Sixty nine percent of chief security officers in the survey reported an increase in targeted hacking attacks, with 3.8% stating they have experiences a "dramatic increase".

But only 4% of respondents said they bothered to report every incident of high-tech crime, a survey which got responses from 54 blue-chip members of the Corporate IT Forum revealed.

Fifty seven percent of those questioned by CIT Forum said they felt high-tech crime in the workplace would not be dealt with properly by the police. A further 30% said there was no single body to report high-tech crimes to.

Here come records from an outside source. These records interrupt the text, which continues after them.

(* Let $q$ be a power of an odd prime with $q\equiv3\pmod4$, $d=4k+2$ with $k$ a positive integer, and $A\subset\mathbb F_q^d$. Let $N(A)$ be the number of pairs $(a,b)\in A^2$ with $\|a-b\|=0$. Then \[N(A)\ll\frac{|A|^2}{q}+q^{\frac{d-2}{2}}|A|.\]
   Context: $\|x\|=x_1^2+\cdots+x_d^2$. $X\ll Y$ means $X\le CY$ with $C$ absolute (independent of $q$ and $A$). *)

theory Defs
  imports "HOL-Algebra.Ring" "HOL-Algebra.Ring_Divisibility" "HOL-Library.FuncSet" "HOL-Computational_Algebra.Primes"
begin

definition sqnorm :: "('a, 'b) ring_scheme \<Rightarrow> nat \<Rightarrow> (nat \<Rightarrow> 'a) \<Rightarrow> 'a" where
  "sqnorm R d x = finsum R (\<lambda>i. x i \<otimes>\<^bsub>R\<^esub> x i) {..<d}"

definition null_pairs :: "('a, 'b) ring_scheme \<Rightarrow> nat \<Rightarrow> (nat \<Rightarrow> 'a) set \<Rightarrow> nat" where
  "null_pairs R d A = card {(a, b). a \<in> A \<and> b \<in> A \<and>
      sqnorm R d (\<lambda>i. a i \<ominus>\<^bsub>R\<^esub> b i) = \<zero>\<^bsub>R\<^esub>}"

end

theory Submission
  imports Defs "HOL-Algebra.Multiplicative_Group"
begin

text \<open>
  Let \<open>Q(x) = x\<^sub>1\<^sup>2 + \<dots> + x\<^sub>d\<^sup>2\<close>; since \<open>q \<equiv> 3 (mod 4)\<close>, \<open>-1\<close> is not a square. For every
  isotropic \<open>m\<close> (\<open>Q(m) = 0\<close>), Cauchy--Schwarz applied to the values \<open>m \<cdot> a\<close>, \<open>a \<in> A\<close>, gives
  \<open>|A|\<^sup>2 \<le> q \<cdot> #{(a, b) \<in> A\<^sup>2. m \<cdot> (a - b) = 0}\<close>. Summing over the \<open>s\<close> isotropic vectors gives
  \<open>s |A|\<^sup>2 \<le> q \<cdot> \<Sum>(a, b) \<in> A\<^sup>2. T(a - b)\<close>, where \<open>T(z)\<close> counts the isotropic vectors orthogonal
  to \<open>z\<close>. With \<open>P = q\<^bsup>2k\<^esup>\<close> these counts are exact: \<open>s = T(0) = qP\<^sup>2 - (q - 1)P\<close>;
  \<open>T(z) = P\<^sup>2 - (q - 1)P\<close> for isotropic \<open>z \<noteq> 0\<close>, by splitting off a hyperbolic plane through \<open>z\<close>;
  and \<open>T(z) = P\<^sup>2\<close> for anisotropic \<open>z\<close>, which by Witt's theorem may be moved to
  \<open>(0, \<dots>, 0, \<sigma>, \<tau>)\<close>. The level sets of \<open>Q\<close> are counted through \<open>Q(y, s, t) = Q(y) + s\<^sup>2 + t\<^sup>2\<close>
  and the fact that \<open>s\<^sup>2 + t\<^sup>2\<close> takes every nonzero value exactly \<open>q + 1\<close> times. As \<open>d \<equiv> 2 (mod 4)\<close>,
  the isotropic differences enter with a negative sign, and the inequality rearranges to
  \<open>N(A) \<le> |A|\<^sup>2/q + P |A|\<close>.
\<close>

lemma card_filter_eq_sum_indicator:
  "finite S \<Longrightarrow> real (card {x\<in>S. P x}) = (\<Sum>x\<in>S. if P x then 1 else 0)"
  by (simp add: sum.inter_filter[symmetric])

lemma card_squared_le_collisions:
  assumes A: "finite A" and C: "finite C" and f: "f ` A \<subseteq> C"
  shows "real (card A) ^ 2 \<le> real (card C) * (\<Sum>a\<in>A. \<Sum>b\<in>A. if f a = f b then 1 else 0)"
proof (cases "A = {}")
  case False
  then have "C \<noteq> {}" using f by blast
  then have Cpos: "real (card C) > 0" using C by (simp add: card_gt_0_iff)
  define fiber where "fiber c = real (card {a\<in>A. f a = c})" for c
  have "(\<Sum>a\<in>A. \<Sum>b\<in>A. if f a = f b then 1 else 0) = (\<Sum>a\<in>A. fiber (f a))"
    unfolding fiber_def using A by (simp add: card_filter_eq_sum_indicator eq_commute)
  also have "\<dots> = (\<Sum>c\<in>C. \<Sum>a\<in>{a\<in>A. f a = c}. fiber (f a))"
    by (rule sum.group[OF A C f, symmetric])
  also have "\<dots> = (\<Sum>c\<in>C. \<Sum>a\<in>{a\<in>A. f a = c}. fiber c)"
    by (intro sum.cong refl) simp
  finally have collisions: "(\<Sum>a\<in>A. \<Sum>b\<in>A. if f a = f b then 1 else 0) = (\<Sum>c\<in>C. fiber c * fiber c)"
    by (simp add: fiber_def)
  have fibers: "(\<Sum>c\<in>C. fiber c) = real (card A)"
    using sum.group[OF A C f, of "\<lambda>_. 1::real"] by (simp add: fiber_def)
  define mean where "mean = real (card A) / real (card C)"
  \<comment> \<open>Cauchy--Schwarz, in the form that the variance of the fiber sizes is nonnegative.\<close>
  have "0 \<le> (\<Sum>c\<in>C. (fiber c - mean)^2)" by (simp add: sum_nonneg)
  also have "\<dots> = (\<Sum>c\<in>C. fiber c * fiber c - 2 * mean * fiber c + mean^2)"
    by (intro sum.cong refl) (simp add: power2_eq_square algebra_simps)
  also have "\<dots> = (\<Sum>c\<in>C. fiber c * fiber c) - 2 * mean * (\<Sum>c\<in>C. fiber c) + real (card C) * mean^2"
    by (simp add: sum.distrib sum_subtractf sum_distrib_left)
  also have "\<dots> = (\<Sum>c\<in>C. fiber c * fiber c) - real (card A) ^ 2 / real (card C)"
    unfolding fibers mean_def using Cpos by (simp add: power2_eq_square field_simps)
  finally show ?thesis using Cpos collisions by (simp add: field_simps)
qed simp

The rest said the reporting process was either too complicated or too lengthy.

The Home Office announced on 1 October it would fund the creation of a Police Central e-crime Unit (PCeU). The role of the PCeU will be to provide specialist officer training and co-ordinate corr-force initiatives to investigate cyber crimes. But CIT Forum expressed concern the organisation's remit is not yet clear and that the proposed £7 million of funding over three years will not be enough.

Security chiefs are defending their businesses on a number of fronts, from website defacements, denial of service (DoS) attacks, the deliberate infection of systems through worms and viruses, and the abuse of wireless networks. CIT Forum, which represents technology managers at the UK's largest firms, found that 25% of respondents had experienced a virus infection and 27% of firms had experienced a DoS attacks or penetration from unauthorised users.


Forty percent said they would support the government bringing back a National High-Tech Crime Unit (NHTCU) like institution. The NHTCU was disbanded in 2006.

Nearly half, 48%, of respondents also said they would give their highest level of support to consistent and appropriate penalties for cyber criminals.

CIT Forum said the survey indicates most security chiefs feel there is a clear role for increased government activity to develop clear legislation around electronic crime. This includes working with international government counterparts in investigating cyber crime.